DIRECTIONS: Every record below must come back exactly as given.

INFORMATION GIVEN:
┏━━

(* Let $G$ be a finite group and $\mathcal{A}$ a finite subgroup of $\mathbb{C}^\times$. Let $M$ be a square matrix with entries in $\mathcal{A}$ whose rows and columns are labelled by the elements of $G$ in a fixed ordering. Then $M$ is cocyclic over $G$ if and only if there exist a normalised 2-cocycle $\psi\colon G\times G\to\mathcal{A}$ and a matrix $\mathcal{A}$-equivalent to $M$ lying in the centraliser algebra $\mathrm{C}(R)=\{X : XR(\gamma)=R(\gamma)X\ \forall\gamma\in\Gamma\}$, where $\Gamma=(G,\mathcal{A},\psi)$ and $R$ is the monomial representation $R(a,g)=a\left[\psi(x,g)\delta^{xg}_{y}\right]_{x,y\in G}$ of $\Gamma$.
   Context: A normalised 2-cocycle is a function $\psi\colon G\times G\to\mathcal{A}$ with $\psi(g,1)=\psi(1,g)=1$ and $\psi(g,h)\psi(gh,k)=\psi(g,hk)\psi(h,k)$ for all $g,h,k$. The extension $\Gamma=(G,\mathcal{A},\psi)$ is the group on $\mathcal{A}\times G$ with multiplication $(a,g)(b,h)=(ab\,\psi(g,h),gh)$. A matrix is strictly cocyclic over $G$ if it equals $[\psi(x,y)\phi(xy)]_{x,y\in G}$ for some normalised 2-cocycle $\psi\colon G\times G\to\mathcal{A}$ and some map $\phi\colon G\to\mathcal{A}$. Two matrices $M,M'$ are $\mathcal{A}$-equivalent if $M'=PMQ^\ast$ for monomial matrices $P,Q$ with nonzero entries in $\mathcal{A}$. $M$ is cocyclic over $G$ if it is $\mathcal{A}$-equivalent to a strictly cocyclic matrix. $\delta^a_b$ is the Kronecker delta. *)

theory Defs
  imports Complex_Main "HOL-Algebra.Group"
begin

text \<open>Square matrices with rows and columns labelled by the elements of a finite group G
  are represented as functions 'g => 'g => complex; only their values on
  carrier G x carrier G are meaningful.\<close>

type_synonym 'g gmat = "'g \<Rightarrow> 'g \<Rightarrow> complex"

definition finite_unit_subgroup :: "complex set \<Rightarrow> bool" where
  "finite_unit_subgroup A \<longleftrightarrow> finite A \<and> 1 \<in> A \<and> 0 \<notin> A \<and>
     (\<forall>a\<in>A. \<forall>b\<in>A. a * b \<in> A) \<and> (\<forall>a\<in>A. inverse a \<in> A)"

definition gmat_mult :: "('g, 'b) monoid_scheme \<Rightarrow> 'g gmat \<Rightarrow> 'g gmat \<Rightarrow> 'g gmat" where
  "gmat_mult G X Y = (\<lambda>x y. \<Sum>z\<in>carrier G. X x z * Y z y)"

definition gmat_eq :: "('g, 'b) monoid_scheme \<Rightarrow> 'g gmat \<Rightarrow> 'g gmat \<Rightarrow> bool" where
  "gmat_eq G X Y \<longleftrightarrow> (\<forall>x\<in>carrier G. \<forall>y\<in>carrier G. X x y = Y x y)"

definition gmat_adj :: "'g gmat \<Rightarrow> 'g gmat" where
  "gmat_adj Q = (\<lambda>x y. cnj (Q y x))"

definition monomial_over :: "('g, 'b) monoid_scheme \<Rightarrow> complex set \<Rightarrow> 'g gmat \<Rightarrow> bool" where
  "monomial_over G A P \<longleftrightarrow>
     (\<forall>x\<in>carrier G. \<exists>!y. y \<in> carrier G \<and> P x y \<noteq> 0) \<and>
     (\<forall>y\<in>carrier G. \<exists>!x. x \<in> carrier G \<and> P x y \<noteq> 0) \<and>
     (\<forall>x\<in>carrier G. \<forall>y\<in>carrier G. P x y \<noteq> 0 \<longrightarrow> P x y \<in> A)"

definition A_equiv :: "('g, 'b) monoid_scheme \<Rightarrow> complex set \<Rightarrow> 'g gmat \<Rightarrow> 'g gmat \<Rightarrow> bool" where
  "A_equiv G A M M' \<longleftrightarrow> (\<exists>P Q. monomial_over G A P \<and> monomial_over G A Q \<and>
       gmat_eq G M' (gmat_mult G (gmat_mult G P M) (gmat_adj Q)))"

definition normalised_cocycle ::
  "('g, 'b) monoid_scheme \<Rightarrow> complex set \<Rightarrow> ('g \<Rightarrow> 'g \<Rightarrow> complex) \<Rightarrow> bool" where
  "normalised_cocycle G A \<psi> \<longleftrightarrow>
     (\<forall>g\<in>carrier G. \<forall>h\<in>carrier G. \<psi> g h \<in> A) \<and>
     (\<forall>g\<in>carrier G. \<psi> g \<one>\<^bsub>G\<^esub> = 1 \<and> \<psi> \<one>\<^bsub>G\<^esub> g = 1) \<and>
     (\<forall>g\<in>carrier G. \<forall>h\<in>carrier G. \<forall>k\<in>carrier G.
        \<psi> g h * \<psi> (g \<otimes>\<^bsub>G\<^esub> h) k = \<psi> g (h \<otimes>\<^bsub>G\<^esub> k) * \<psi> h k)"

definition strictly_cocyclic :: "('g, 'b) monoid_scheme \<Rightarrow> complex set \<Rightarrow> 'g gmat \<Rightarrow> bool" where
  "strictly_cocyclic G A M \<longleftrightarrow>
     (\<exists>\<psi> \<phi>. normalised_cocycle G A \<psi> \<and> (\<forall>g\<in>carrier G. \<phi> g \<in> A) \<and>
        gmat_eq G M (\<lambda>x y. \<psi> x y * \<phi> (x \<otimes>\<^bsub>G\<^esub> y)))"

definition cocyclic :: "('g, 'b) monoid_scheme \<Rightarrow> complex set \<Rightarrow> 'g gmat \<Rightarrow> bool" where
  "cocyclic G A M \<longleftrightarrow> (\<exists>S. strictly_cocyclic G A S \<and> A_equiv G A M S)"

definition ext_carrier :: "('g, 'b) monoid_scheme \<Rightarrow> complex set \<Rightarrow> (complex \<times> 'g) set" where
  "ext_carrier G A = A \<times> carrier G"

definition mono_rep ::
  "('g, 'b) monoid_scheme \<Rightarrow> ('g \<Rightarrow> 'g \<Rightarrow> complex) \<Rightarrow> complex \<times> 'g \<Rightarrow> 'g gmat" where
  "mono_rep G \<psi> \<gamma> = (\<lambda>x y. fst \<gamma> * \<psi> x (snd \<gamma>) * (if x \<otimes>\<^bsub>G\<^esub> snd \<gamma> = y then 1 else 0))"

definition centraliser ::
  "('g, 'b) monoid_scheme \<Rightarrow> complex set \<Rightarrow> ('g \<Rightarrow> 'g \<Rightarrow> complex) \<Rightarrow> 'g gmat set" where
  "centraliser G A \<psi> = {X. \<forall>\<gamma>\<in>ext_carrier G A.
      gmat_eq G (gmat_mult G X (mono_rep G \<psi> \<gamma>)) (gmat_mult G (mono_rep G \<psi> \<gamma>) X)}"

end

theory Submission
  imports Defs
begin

┗━━

TASK OUTPUT:
(* Let $G$ be a finite group and $\mathcal{A}$ a finite subgroup of $\mathbb{C}^\times$. Let $M$ be a square matrix with entries in $\mathcal{A}$ whose rows and columns are labelled by the elements of $G$ in a fixed ordering. Then $M$ is cocyclic over $G$ if and only if there exist a normalised 2-cocycle $\psi\colon G\times G\to\mathcal{A}$ and a matrix $\mathcal{A}$-equivalent to $M$ lying in the centraliser algebra $\mathrm{C}(R)=\{X : XR(\gamma)=R(\gamma)X\ \forall\gamma\in\Gamma\}$, where $\Gamma=(G,\mathcal{A},\psi)$ and $R$ is the monomial representation $R(a,g)=a\left[\psi(x,g)\delta^{xg}_{y}\right]_{x,y\in G}$ of $\Gamma$.
   Context: A normalised 2-cocycle is a function $\psi\colon G\times G\to\mathcal{A}$ with $\psi(g,1)=\psi(1,g)=1$ and $\psi(g,h)\psi(gh,k)=\psi(g,hk)\psi(h,k)$ for all $g,h,k$. The extension $\Gamma=(G,\mathcal{A},\psi)$ is the group on $\mathcal{A}\times G$ with multiplication $(a,g)(b,h)=(ab\,\psi(g,h),gh)$. A matrix is strictly cocyclic over $G$ if it equals $[\psi(x,y)\phi(xy)]_{x,y\in G}$ for some normalised 2-cocycle $\psi\colon G\times G\to\mathcal{A}$ and some map $\phi\colon G\to\mathcal{A}$. Two matrices $M,M'$ are $\mathcal{A}$-equivalent if $M'=PMQ^\ast$ for monomial matrices $P,Q$ with nonzero entries in $\mathcal{A}$. $M$ is cocyclic over $G$ if it is $\mathcal{A}$-equivalent to a strictly cocyclic matrix. $\delta^a_b$ is the Kronecker delta. *)

theory Defs
  imports Complex_Main "HOL-Algebra.Group"
begin

text \<open>Square matrices with rows and columns labelled by the elements of a finite group G
  are represented as functions 'g => 'g => complex; only their values on
  carrier G x carrier G are meaningful.\<close>

type_synonym 'g gmat = "'g \<Rightarrow> 'g \<Rightarrow> complex"

definition finite_unit_subgroup :: "complex set \<Rightarrow> bool" where
  "finite_unit_subgroup A \<longleftrightarrow> finite A \<and> 1 \<in> A \<and> 0 \<notin> A \<and>
     (\<forall>a\<in>A. \<forall>b\<in>A. a * b \<in> A) \<and> (\<forall>a\<in>A. inverse a \<in> A)"

definition gmat_mult :: "('g, 'b) monoid_scheme \<Rightarrow> 'g gmat \<Rightarrow> 'g gmat \<Rightarrow> 'g gmat" where
  "gmat_mult G X Y = (\<lambda>x y. \<Sum>z\<in>carrier G. X x z * Y z y)"

definition gmat_eq :: "('g, 'b) monoid_scheme \<Rightarrow> 'g gmat \<Rightarrow> 'g gmat \<Rightarrow> bool" where
  "gmat_eq G X Y \<longleftrightarrow> (\<forall>x\<in>carrier G. \<forall>y\<in>carrier G. X x y = Y x y)"

definition gmat_adj :: "'g gmat \<Rightarrow> 'g gmat" where
  "gmat_adj Q = (\<lambda>x y. cnj (Q y x))"

definition monomial_over :: "('g, 'b) monoid_scheme \<Rightarrow> complex set \<Rightarrow> 'g gmat \<Rightarrow> bool" where
  "monomial_over G A P \<longleftrightarrow>
     (\<forall>x\<in>carrier G. \<exists>!y. y \<in> carrier G \<and> P x y \<noteq> 0) \<and>
     (\<forall>y\<in>carrier G. \<exists>!x. x \<in> carrier G \<and> P x y \<noteq> 0) \<and>
     (\<forall>x\<in>carrier G. \<forall>y\<in>carrier G. P x y \<noteq> 0 \<longrightarrow> P x y \<in> A)"

definition A_equiv :: "('g, 'b) monoid_scheme \<Rightarrow> complex set \<Rightarrow> 'g gmat \<Rightarrow> 'g gmat \<Rightarrow> bool" where
  "A_equiv G A M M' \<longleftrightarrow> (\<exists>P Q. monomial_over G A P \<and> monomial_over G A Q \<and>
       gmat_eq G M' (gmat_mult G (gmat_mult G P M) (gmat_adj Q)))"

definition normalised_cocycle ::
  "('g, 'b) monoid_scheme \<Rightarrow> complex set \<Rightarrow> ('g \<Rightarrow> 'g \<Rightarrow> complex) \<Rightarrow> bool" where
  "normalised_cocycle G A \<psi> \<longleftrightarrow>
     (\<forall>g\<in>carrier G. \<forall>h\<in>carrier G. \<psi> g h \<in> A) \<and>
     (\<forall>g\<in>carrier G. \<psi> g \<one>\<^bsub>G\<^esub> = 1 \<and> \<psi> \<one>\<^bsub>G\<^esub> g = 1) \<and>
     (\<forall>g\<in>carrier G. \<forall>h\<in>carrier G. \<forall>k\<in>carrier G.
        \<psi> g h * \<psi> (g \<otimes>\<^bsub>G\<^esub> h) k = \<psi> g (h \<otimes>\<^bsub>G\<^esub> k) * \<psi> h k)"

definition strictly_cocyclic :: "('g, 'b) monoid_scheme \<Rightarrow> complex set \<Rightarrow> 'g gmat \<Rightarrow> bool" where
  "strictly_cocyclic G A M \<longleftrightarrow>
     (\<exists>\<psi> \<phi>. normalised_cocycle G A \<psi> \<and> (\<forall>g\<in>carrier G. \<phi> g \<in> A) \<and>
        gmat_eq G M (\<lambda>x y. \<psi> x y * \<phi> (x \<otimes>\<^bsub>G\<^esub> y)))"

definition cocyclic :: "('g, 'b) monoid_scheme \<Rightarrow> complex set \<Rightarrow> 'g gmat \<Rightarrow> bool" where
  "cocyclic G A M \<longleftrightarrow> (\<exists>S. strictly_cocyclic G A S \<and> A_equiv G A M S)"

definition ext_carrier :: "('g, 'b) monoid_scheme \<Rightarrow> complex set \<Rightarrow> (complex \<times> 'g) set" where
  "ext_carrier G A = A \<times> carrier G"

definition mono_rep ::
  "('g, 'b) monoid_scheme \<Rightarrow> ('g \<Rightarrow> 'g \<Rightarrow> complex) \<Rightarrow> complex \<times> 'g \<Rightarrow> 'g gmat" where
  "mono_rep G \<psi> \<gamma> = (\<lambda>x y. fst \<gamma> * \<psi> x (snd \<gamma>) * (if x \<otimes>\<^bsub>G\<^esub> snd \<gamma> = y then 1 else 0))"

definition centraliser ::
  "('g, 'b) monoid_scheme \<Rightarrow> complex set \<Rightarrow> ('g \<Rightarrow> 'g \<Rightarrow> complex) \<Rightarrow> 'g gmat set" where
  "centraliser G A \<psi> = {X. \<forall>\<gamma>\<in>ext_carrier G A.
      gmat_eq G (gmat_mult G X (mono_rep G \<psi> \<gamma>)) (gmat_mult G (mono_rep G \<psi> \<gamma>) X)}"

end

theory Submission
  imports Defs
begin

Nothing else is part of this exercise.